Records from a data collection

• • •

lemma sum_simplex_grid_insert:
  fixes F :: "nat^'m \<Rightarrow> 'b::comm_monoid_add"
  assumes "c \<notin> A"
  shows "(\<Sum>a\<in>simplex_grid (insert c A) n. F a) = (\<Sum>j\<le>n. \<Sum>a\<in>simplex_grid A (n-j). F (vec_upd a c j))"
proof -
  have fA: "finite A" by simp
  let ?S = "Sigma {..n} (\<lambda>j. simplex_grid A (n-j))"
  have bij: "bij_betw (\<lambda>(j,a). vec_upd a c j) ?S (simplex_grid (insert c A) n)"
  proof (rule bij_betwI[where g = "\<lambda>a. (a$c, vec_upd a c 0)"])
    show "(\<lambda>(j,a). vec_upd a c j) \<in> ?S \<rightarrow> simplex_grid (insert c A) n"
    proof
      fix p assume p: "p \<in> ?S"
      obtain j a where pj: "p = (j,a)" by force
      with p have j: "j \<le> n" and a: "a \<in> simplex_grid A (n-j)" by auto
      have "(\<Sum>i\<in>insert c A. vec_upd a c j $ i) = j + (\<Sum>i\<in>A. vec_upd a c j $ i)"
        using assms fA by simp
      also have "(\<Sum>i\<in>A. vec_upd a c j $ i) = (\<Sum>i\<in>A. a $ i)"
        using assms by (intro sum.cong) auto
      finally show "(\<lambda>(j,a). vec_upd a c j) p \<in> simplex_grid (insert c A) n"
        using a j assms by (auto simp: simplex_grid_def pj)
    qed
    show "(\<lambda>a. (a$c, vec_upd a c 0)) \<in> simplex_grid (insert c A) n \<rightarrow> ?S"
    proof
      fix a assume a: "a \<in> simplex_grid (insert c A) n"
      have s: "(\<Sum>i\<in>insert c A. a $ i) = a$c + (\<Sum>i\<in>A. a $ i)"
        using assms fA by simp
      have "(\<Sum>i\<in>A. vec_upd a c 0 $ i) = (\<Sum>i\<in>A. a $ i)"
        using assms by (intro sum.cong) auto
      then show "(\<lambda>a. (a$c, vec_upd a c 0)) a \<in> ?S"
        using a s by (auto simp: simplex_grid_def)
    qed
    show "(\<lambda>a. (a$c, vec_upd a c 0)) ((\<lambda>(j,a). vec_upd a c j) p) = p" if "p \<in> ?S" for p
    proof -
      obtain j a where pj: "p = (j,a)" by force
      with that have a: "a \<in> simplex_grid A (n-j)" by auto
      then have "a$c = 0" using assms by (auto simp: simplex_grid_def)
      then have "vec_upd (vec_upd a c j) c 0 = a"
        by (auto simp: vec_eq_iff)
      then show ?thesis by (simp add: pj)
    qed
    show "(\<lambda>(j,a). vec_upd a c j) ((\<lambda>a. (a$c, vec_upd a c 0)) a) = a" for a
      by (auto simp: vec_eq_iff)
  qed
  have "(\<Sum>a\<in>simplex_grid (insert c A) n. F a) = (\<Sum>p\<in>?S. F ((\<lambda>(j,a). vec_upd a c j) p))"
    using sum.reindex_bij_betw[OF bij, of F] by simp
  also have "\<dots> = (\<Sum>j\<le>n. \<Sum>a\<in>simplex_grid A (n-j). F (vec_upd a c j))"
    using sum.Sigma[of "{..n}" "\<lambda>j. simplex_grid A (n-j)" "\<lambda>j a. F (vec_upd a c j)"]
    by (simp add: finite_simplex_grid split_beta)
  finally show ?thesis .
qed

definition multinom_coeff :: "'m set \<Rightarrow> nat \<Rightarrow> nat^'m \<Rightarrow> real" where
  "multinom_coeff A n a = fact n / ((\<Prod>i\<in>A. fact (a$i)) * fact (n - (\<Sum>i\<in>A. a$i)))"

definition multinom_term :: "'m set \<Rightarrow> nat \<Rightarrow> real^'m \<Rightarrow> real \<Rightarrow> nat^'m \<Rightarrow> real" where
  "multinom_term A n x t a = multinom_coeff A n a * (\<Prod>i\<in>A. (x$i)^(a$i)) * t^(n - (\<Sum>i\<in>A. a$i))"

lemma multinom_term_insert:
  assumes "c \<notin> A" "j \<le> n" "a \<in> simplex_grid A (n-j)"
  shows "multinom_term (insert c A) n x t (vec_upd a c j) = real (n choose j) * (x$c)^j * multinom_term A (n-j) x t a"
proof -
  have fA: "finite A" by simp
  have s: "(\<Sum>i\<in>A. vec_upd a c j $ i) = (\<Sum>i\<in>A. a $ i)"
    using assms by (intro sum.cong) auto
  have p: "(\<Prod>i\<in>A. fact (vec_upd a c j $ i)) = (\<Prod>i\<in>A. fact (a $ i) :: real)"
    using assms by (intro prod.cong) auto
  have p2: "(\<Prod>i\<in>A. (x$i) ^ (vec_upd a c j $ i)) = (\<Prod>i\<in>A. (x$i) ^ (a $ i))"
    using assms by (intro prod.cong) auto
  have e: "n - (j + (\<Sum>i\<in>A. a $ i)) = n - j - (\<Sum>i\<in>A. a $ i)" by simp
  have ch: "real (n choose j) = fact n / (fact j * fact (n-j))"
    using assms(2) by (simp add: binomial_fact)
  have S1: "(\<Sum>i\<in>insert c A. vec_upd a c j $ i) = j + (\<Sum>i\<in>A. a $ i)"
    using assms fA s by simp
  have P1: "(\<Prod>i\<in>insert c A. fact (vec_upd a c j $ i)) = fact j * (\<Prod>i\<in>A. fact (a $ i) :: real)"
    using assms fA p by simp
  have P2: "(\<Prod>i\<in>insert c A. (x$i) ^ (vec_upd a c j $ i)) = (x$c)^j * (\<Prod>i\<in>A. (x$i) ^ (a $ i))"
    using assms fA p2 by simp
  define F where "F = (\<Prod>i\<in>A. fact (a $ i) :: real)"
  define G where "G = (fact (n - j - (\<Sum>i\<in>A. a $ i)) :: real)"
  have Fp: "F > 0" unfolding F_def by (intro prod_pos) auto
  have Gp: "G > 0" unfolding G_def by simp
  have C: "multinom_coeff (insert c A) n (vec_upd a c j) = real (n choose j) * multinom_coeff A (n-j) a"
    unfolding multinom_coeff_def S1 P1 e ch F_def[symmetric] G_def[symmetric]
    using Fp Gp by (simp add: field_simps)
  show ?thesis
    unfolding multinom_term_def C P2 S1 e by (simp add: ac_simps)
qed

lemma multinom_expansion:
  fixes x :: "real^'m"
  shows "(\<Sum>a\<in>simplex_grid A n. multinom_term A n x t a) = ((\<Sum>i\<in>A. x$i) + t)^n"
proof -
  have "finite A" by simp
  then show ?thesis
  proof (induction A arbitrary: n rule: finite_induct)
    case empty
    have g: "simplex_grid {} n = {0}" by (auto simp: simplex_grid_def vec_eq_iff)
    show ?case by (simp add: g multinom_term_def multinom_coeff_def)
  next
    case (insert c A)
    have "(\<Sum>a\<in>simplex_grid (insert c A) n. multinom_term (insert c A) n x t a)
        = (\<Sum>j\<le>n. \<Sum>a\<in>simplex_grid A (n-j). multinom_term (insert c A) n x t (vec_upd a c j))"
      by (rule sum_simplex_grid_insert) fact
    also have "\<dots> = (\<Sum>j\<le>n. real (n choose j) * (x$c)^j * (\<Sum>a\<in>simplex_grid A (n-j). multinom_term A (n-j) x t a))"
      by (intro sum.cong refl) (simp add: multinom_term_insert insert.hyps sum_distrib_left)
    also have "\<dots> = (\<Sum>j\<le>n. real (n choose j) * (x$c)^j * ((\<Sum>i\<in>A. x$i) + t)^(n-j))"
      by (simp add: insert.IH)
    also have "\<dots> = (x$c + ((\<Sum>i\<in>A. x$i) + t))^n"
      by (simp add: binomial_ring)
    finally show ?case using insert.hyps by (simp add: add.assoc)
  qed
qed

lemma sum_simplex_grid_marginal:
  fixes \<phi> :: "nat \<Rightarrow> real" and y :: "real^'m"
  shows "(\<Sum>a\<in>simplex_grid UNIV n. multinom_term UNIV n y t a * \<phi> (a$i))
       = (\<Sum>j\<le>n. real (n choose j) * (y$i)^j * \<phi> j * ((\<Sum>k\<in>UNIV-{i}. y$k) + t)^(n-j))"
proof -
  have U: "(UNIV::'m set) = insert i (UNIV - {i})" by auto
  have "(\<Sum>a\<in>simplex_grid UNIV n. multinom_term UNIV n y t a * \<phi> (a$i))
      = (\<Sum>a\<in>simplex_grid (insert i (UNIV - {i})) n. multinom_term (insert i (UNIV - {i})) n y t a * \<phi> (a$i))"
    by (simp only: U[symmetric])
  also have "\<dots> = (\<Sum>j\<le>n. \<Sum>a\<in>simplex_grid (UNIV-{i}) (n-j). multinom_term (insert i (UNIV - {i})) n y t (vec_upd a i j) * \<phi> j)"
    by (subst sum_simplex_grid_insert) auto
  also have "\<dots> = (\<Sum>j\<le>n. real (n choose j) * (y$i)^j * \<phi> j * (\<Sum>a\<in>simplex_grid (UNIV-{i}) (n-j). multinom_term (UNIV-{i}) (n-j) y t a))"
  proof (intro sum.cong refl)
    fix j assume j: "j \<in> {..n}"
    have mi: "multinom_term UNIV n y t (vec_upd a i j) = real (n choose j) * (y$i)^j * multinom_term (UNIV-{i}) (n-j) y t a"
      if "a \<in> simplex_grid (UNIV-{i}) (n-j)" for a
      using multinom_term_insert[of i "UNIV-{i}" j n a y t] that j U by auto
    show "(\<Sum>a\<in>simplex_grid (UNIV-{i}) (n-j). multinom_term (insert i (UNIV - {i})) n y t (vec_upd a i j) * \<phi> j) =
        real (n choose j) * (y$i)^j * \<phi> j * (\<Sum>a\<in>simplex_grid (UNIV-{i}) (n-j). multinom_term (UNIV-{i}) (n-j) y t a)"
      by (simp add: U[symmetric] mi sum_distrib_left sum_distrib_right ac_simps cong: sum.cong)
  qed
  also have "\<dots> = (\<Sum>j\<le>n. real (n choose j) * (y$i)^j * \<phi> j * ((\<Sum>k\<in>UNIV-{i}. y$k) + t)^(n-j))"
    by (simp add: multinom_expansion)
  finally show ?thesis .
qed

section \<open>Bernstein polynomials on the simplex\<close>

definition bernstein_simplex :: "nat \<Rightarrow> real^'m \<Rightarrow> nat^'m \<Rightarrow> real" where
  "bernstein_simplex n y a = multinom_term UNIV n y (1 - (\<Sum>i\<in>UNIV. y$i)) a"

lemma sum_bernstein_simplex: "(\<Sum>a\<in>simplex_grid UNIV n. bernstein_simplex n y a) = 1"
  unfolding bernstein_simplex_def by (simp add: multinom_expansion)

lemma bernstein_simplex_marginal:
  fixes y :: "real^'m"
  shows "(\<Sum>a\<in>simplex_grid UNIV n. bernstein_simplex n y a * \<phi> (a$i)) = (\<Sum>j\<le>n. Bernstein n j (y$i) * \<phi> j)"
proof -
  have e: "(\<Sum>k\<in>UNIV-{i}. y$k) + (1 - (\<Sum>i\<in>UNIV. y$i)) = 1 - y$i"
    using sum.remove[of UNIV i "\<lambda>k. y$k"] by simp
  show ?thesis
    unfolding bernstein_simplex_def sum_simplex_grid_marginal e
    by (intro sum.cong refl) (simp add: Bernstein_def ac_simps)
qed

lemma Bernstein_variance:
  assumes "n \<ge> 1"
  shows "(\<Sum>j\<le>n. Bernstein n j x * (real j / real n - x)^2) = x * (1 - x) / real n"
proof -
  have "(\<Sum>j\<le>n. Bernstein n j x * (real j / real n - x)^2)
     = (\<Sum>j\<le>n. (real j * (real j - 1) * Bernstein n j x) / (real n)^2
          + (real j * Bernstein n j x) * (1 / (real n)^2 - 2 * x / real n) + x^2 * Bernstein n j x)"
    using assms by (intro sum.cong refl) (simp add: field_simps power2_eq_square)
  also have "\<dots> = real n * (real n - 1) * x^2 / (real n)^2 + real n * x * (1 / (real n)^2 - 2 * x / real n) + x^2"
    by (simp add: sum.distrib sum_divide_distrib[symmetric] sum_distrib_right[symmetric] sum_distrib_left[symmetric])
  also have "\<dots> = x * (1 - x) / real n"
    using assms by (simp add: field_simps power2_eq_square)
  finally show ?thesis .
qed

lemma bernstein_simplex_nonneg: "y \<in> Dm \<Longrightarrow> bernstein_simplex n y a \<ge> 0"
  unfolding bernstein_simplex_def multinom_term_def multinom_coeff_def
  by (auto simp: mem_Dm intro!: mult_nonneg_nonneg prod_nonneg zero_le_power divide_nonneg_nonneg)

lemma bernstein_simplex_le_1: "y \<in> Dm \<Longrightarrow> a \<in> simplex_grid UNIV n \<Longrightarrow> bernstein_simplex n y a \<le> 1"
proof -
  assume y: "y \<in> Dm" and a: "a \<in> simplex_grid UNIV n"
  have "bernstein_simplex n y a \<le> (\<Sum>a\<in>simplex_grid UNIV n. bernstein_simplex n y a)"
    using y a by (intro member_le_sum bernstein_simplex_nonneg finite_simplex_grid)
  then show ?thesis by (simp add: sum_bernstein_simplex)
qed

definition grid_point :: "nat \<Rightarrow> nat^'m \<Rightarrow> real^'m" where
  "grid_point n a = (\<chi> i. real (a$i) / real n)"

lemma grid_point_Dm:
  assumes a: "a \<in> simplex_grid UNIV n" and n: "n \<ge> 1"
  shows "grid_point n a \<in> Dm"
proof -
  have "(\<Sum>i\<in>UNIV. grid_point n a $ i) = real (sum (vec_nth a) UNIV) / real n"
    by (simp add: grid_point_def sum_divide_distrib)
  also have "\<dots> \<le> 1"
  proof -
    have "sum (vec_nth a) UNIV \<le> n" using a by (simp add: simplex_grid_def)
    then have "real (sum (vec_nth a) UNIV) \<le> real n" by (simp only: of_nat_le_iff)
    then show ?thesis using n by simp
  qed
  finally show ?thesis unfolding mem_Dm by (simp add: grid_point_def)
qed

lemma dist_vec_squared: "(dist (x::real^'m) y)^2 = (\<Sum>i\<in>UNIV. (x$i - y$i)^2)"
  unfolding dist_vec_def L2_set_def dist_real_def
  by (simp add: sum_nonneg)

• • •

Exercise objective
What is needed is each line of the entries that contains the word "intro".

Answer
        using assms by (intro sum.cong) auto
        using assms by (intro sum.cong) auto
    using assms by (intro sum.cong) auto
    using assms by (intro prod.cong) auto
    using assms by (intro prod.cong) auto
  have Fp: "F > 0" unfolding F_def by (intro prod_pos) auto
      by (intro sum.cong refl) (simp add: multinom_term_insert insert.hyps sum_distrib_left)
  proof (intro sum.cong refl)
    by (intro sum.cong refl) (simp add: Bernstein_def ac_simps)
    using assms by (intro sum.cong refl) (simp add: field_simps power2_eq_square)
  by (auto simp: mem_Dm intro!: mult_nonneg_nonneg prod_nonneg zero_le_power divide_nonneg_nonneg)
    using y a by (intro member_le_sum bernstein_simplex_nonneg finite_simplex_grid)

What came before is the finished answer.